• [Work request]:
Please reproduce every record, keeping each one exactly as written.

- - - - -

(* Fix an environment $(\mathcal{S},\mathcal{A},\mathcal{T},d_0,\_,\gamma)$ and a set $\Pi$ of stationary policies containing a nonempty open subset of $\Pi^+$. Then every pair of reward functions $(\mathcal{R},\mathcal{R}')$ with $J_{\mathcal{R}},J_{\mathcal{R}'}$ both non-trivial on $\Pi$ and not equivalent on $\Pi$ is hackable relative to $\Pi$ and this environment.
   Context: Setting: finite $\mathcal{S}$, finite $\mathcal{A}$ with $|\mathcal{A}|>1$, transition model $\mathcal{T}:\mathcal{S}\times\mathcal{A}\to\Delta(\mathcal{S})$, $d_0\in\Delta(\mathcal{S})$, $\gamma\in[0,1)$, all states reachable; an environment is an MDP without its reward; rewards are $\mathcal{R}:\mathcal{S}\times\mathcal{A}\to\mathbb{R}$. Stationary policies are identified with $\Delta(\mathcal{A})^{|\mathcal{S}|}\subset\mathbb{R}^{\mathcal{S}\times\mathcal{A}}$; $\Pi^+$ is the set with $\pi(a\mid s)>0$ for all $s,a$, and "open" means open in $\Pi^+$. $J_{\mathcal{R}}(\pi)=\mathbb{E}\big[\sum_{t\ge0}\gamma^t\mathcal{R}(s_t,a_t)\big]$ with $s_0\sim d_0$, $a_t\sim\pi(\cdot\mid s_t)$, $s_{t+1}\sim\mathcal{T}(\cdot\mid s_t,a_t)$. $J$ is trivial on $\Pi$ if constant on $\Pi$; $J_1,J_2$ equivalent on $\Pi$ if for all $\pi,\pi'\in\Pi$, $J_1(\pi)\ge J_1(\pi')\iff J_2(\pi)\ge J_2(\pi')$. $(\mathcal{R},\mathcal{R}')$ is hackable relative to $\Pi$ if there are $\pi,\pi'\in\Pi$ with $J_{\mathcal{R}}(\pi)>J_{\mathcal{R}}(\pi')$ and $J_{\mathcal{R}'}(\pi')>J_{\mathcal{R}'}(\pi)$. *)

theory Defs
  imports "HOL-Analysis.Analysis"
begin

text \<open>A transition model is T :: 's => 'a => 's => real (T s a s' = probability of s'),
  an initial distribution d0 :: 's => real, a discount factor gamma.
  Stationary policies are functions pi :: 's => 'a => real with pi s a = pi(a | s),
  i.e. elements of R^(S x A); the topology is the product (Euclidean) topology.\<close>

definition is_distr :: "('b::finite \<Rightarrow> real) \<Rightarrow> bool" where
  "is_distr p \<longleftrightarrow> (\<forall>x. p x \<ge> 0) \<and> (\<Sum>x\<in>UNIV. p x) = 1"

definition all_reachable ::
  "('s::finite \<Rightarrow> 'a::finite \<Rightarrow> 's \<Rightarrow> real) \<Rightarrow> ('s \<Rightarrow> real) \<Rightarrow> bool" where
  "all_reachable T d0 \<longleftrightarrow>
     (\<forall>s. \<exists>s0. d0 s0 > 0 \<and> (s0, s) \<in> {(x, y). \<exists>a. T x a y > 0}\<^sup>*)"

definition environment ::
  "('s::finite \<Rightarrow> 'a::finite \<Rightarrow> 's \<Rightarrow> real) \<Rightarrow> ('s \<Rightarrow> real) \<Rightarrow> real \<Rightarrow> bool" where
  "environment T d0 \<gamma> \<longleftrightarrow>
     CARD('a) > 1 \<and> (\<forall>s a. is_distr (T s a)) \<and> is_distr d0 \<and>
     0 \<le> \<gamma> \<and> \<gamma> < 1 \<and> all_reachable T d0"

definition policies :: "('s::finite \<Rightarrow> 'a::finite \<Rightarrow> real) set" where
  "policies = {\<pi>. \<forall>s. is_distr (\<pi> s)}"

definition pos_policies :: "('s::finite \<Rightarrow> 'a::finite \<Rightarrow> real) set" where
  "pos_policies = {\<pi>. \<pi> \<in> policies \<and> (\<forall>s a. \<pi> s a > 0)}"

fun state_dist ::
  "('s::finite \<Rightarrow> 'a::finite \<Rightarrow> 's \<Rightarrow> real) \<Rightarrow> ('s \<Rightarrow> real) \<Rightarrow> ('s \<Rightarrow> 'a \<Rightarrow> real)
     \<Rightarrow> nat \<Rightarrow> 's \<Rightarrow> real" where
  "state_dist T d0 \<pi> 0 s' = d0 s'"
| "state_dist T d0 \<pi> (Suc t) s' =
     (\<Sum>s\<in>UNIV. \<Sum>a\<in>UNIV. state_dist T d0 \<pi> t s * \<pi> s a * T s a s')"

definition J ::
  "('s::finite \<Rightarrow> 'a::finite \<Rightarrow> 's \<Rightarrow> real) \<Rightarrow> ('s \<Rightarrow> real) \<Rightarrow> real
     \<Rightarrow> ('s \<Rightarrow> 'a \<Rightarrow> real) \<Rightarrow> ('s \<Rightarrow> 'a \<Rightarrow> real) \<Rightarrow> real" where
  "J T d0 \<gamma> R \<pi> =
     (\<Sum>t. \<gamma> ^ t * (\<Sum>s\<in>UNIV. \<Sum>a\<in>UNIV. state_dist T d0 \<pi> t s * \<pi> s a * R s a))"

definition trivial_on :: "('p \<Rightarrow> real) \<Rightarrow> 'p set \<Rightarrow> bool" where
  "trivial_on f P \<longleftrightarrow> (\<forall>p\<in>P. \<forall>q\<in>P. f p = f q)"

definition equivalent_on :: "('p \<Rightarrow> real) \<Rightarrow> ('p \<Rightarrow> real) \<Rightarrow> 'p set \<Rightarrow> bool" where
  "equivalent_on f g P \<longleftrightarrow> (\<forall>p\<in>P. \<forall>q\<in>P. f p \<ge> f q \<longleftrightarrow> g p \<ge> g q)"

definition hackable ::
  "('s::finite \<Rightarrow> 'a::finite \<Rightarrow> 's \<Rightarrow> real) \<Rightarrow> ('s \<Rightarrow> real) \<Rightarrow> real
     \<Rightarrow> ('s \<Rightarrow> 'a \<Rightarrow> real) set \<Rightarrow> ('s \<Rightarrow> 'a \<Rightarrow> real) \<Rightarrow> ('s \<Rightarrow> 'a \<Rightarrow> real) \<Rightarrow> bool" where
  "hackable T d0 \<gamma> Pol R R' \<longleftrightarrow>
     (\<exists>\<pi>\<in>Pol. \<exists>\<pi>'\<in>Pol. J T d0 \<gamma> R \<pi> > J T d0 \<gamma> R \<pi>' \<and> J T d0 \<gamma> R' \<pi>' > J T d0 \<gamma> R' \<pi>)"

end

theory Submission
  imports Defs
begin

- - - - -

• [Result below]:
(* Fix an environment $(\mathcal{S},\mathcal{A},\mathcal{T},d_0,\_,\gamma)$ and a set $\Pi$ of stationary policies containing a nonempty open subset of $\Pi^+$. Then every pair of reward functions $(\mathcal{R},\mathcal{R}')$ with $J_{\mathcal{R}},J_{\mathcal{R}'}$ both non-trivial on $\Pi$ and not equivalent on $\Pi$ is hackable relative to $\Pi$ and this environment.
   Context: Setting: finite $\mathcal{S}$, finite $\mathcal{A}$ with $|\mathcal{A}|>1$, transition model $\mathcal{T}:\mathcal{S}\times\mathcal{A}\to\Delta(\mathcal{S})$, $d_0\in\Delta(\mathcal{S})$, $\gamma\in[0,1)$, all states reachable; an environment is an MDP without its reward; rewards are $\mathcal{R}:\mathcal{S}\times\mathcal{A}\to\mathbb{R}$. Stationary policies are identified with $\Delta(\mathcal{A})^{|\mathcal{S}|}\subset\mathbb{R}^{\mathcal{S}\times\mathcal{A}}$; $\Pi^+$ is the set with $\pi(a\mid s)>0$ for all $s,a$, and "open" means open in $\Pi^+$. $J_{\mathcal{R}}(\pi)=\mathbb{E}\big[\sum_{t\ge0}\gamma^t\mathcal{R}(s_t,a_t)\big]$ with $s_0\sim d_0$, $a_t\sim\pi(\cdot\mid s_t)$, $s_{t+1}\sim\mathcal{T}(\cdot\mid s_t,a_t)$. $J$ is trivial on $\Pi$ if constant on $\Pi$; $J_1,J_2$ equivalent on $\Pi$ if for all $\pi,\pi'\in\Pi$, $J_1(\pi)\ge J_1(\pi')\iff J_2(\pi)\ge J_2(\pi')$. $(\mathcal{R},\mathcal{R}')$ is hackable relative to $\Pi$ if there are $\pi,\pi'\in\Pi$ with $J_{\mathcal{R}}(\pi)>J_{\mathcal{R}}(\pi')$ and $J_{\mathcal{R}'}(\pi')>J_{\mathcal{R}'}(\pi)$. *)

theory Defs
  imports "HOL-Analysis.Analysis"
begin

text \<open>A transition model is T :: 's => 'a => 's => real (T s a s' = probability of s'),
  an initial distribution d0 :: 's => real, a discount factor gamma.
  Stationary policies are functions pi :: 's => 'a => real with pi s a = pi(a | s),
  i.e. elements of R^(S x A); the topology is the product (Euclidean) topology.\<close>

definition is_distr :: "('b::finite \<Rightarrow> real) \<Rightarrow> bool" where
  "is_distr p \<longleftrightarrow> (\<forall>x. p x \<ge> 0) \<and> (\<Sum>x\<in>UNIV. p x) = 1"

definition all_reachable ::
  "('s::finite \<Rightarrow> 'a::finite \<Rightarrow> 's \<Rightarrow> real) \<Rightarrow> ('s \<Rightarrow> real) \<Rightarrow> bool" where
  "all_reachable T d0 \<longleftrightarrow>
     (\<forall>s. \<exists>s0. d0 s0 > 0 \<and> (s0, s) \<in> {(x, y). \<exists>a. T x a y > 0}\<^sup>*)"

definition environment ::
  "('s::finite \<Rightarrow> 'a::finite \<Rightarrow> 's \<Rightarrow> real) \<Rightarrow> ('s \<Rightarrow> real) \<Rightarrow> real \<Rightarrow> bool" where
  "environment T d0 \<gamma> \<longleftrightarrow>
     CARD('a) > 1 \<and> (\<forall>s a. is_distr (T s a)) \<and> is_distr d0 \<and>
     0 \<le> \<gamma> \<and> \<gamma> < 1 \<and> all_reachable T d0"

definition policies :: "('s::finite \<Rightarrow> 'a::finite \<Rightarrow> real) set" where
  "policies = {\<pi>. \<forall>s. is_distr (\<pi> s)}"

definition pos_policies :: "('s::finite \<Rightarrow> 'a::finite \<Rightarrow> real) set" where
  "pos_policies = {\<pi>. \<pi> \<in> policies \<and> (\<forall>s a. \<pi> s a > 0)}"

fun state_dist ::
  "('s::finite \<Rightarrow> 'a::finite \<Rightarrow> 's \<Rightarrow> real) \<Rightarrow> ('s \<Rightarrow> real) \<Rightarrow> ('s \<Rightarrow> 'a \<Rightarrow> real)
     \<Rightarrow> nat \<Rightarrow> 's \<Rightarrow> real" where
  "state_dist T d0 \<pi> 0 s' = d0 s'"
| "state_dist T d0 \<pi> (Suc t) s' =
     (\<Sum>s\<in>UNIV. \<Sum>a\<in>UNIV. state_dist T d0 \<pi> t s * \<pi> s a * T s a s')"

definition J ::
  "('s::finite \<Rightarrow> 'a::finite \<Rightarrow> 's \<Rightarrow> real) \<Rightarrow> ('s \<Rightarrow> real) \<Rightarrow> real
     \<Rightarrow> ('s \<Rightarrow> 'a \<Rightarrow> real) \<Rightarrow> ('s \<Rightarrow> 'a \<Rightarrow> real) \<Rightarrow> real" where
  "J T d0 \<gamma> R \<pi> =
     (\<Sum>t. \<gamma> ^ t * (\<Sum>s\<in>UNIV. \<Sum>a\<in>UNIV. state_dist T d0 \<pi> t s * \<pi> s a * R s a))"

definition trivial_on :: "('p \<Rightarrow> real) \<Rightarrow> 'p set \<Rightarrow> bool" where
  "trivial_on f P \<longleftrightarrow> (\<forall>p\<in>P. \<forall>q\<in>P. f p = f q)"

definition equivalent_on :: "('p \<Rightarrow> real) \<Rightarrow> ('p \<Rightarrow> real) \<Rightarrow> 'p set \<Rightarrow> bool" where
  "equivalent_on f g P \<longleftrightarrow> (\<forall>p\<in>P. \<forall>q\<in>P. f p \<ge> f q \<longleftrightarrow> g p \<ge> g q)"

definition hackable ::
  "('s::finite \<Rightarrow> 'a::finite \<Rightarrow> 's \<Rightarrow> real) \<Rightarrow> ('s \<Rightarrow> real) \<Rightarrow> real
     \<Rightarrow> ('s \<Rightarrow> 'a \<Rightarrow> real) set \<Rightarrow> ('s \<Rightarrow> 'a \<Rightarrow> real) \<Rightarrow> ('s \<Rightarrow> 'a \<Rightarrow> real) \<Rightarrow> bool" where
  "hackable T d0 \<gamma> Pol R R' \<longleftrightarrow>
     (\<exists>\<pi>\<in>Pol. \<exists>\<pi>'\<in>Pol. J T d0 \<gamma> R \<pi> > J T d0 \<gamma> R \<pi>' \<and> J T d0 \<gamma> R' \<pi>' > J T d0 \<gamma> R' \<pi>)"

end

theory Submission
  imports Defs
begin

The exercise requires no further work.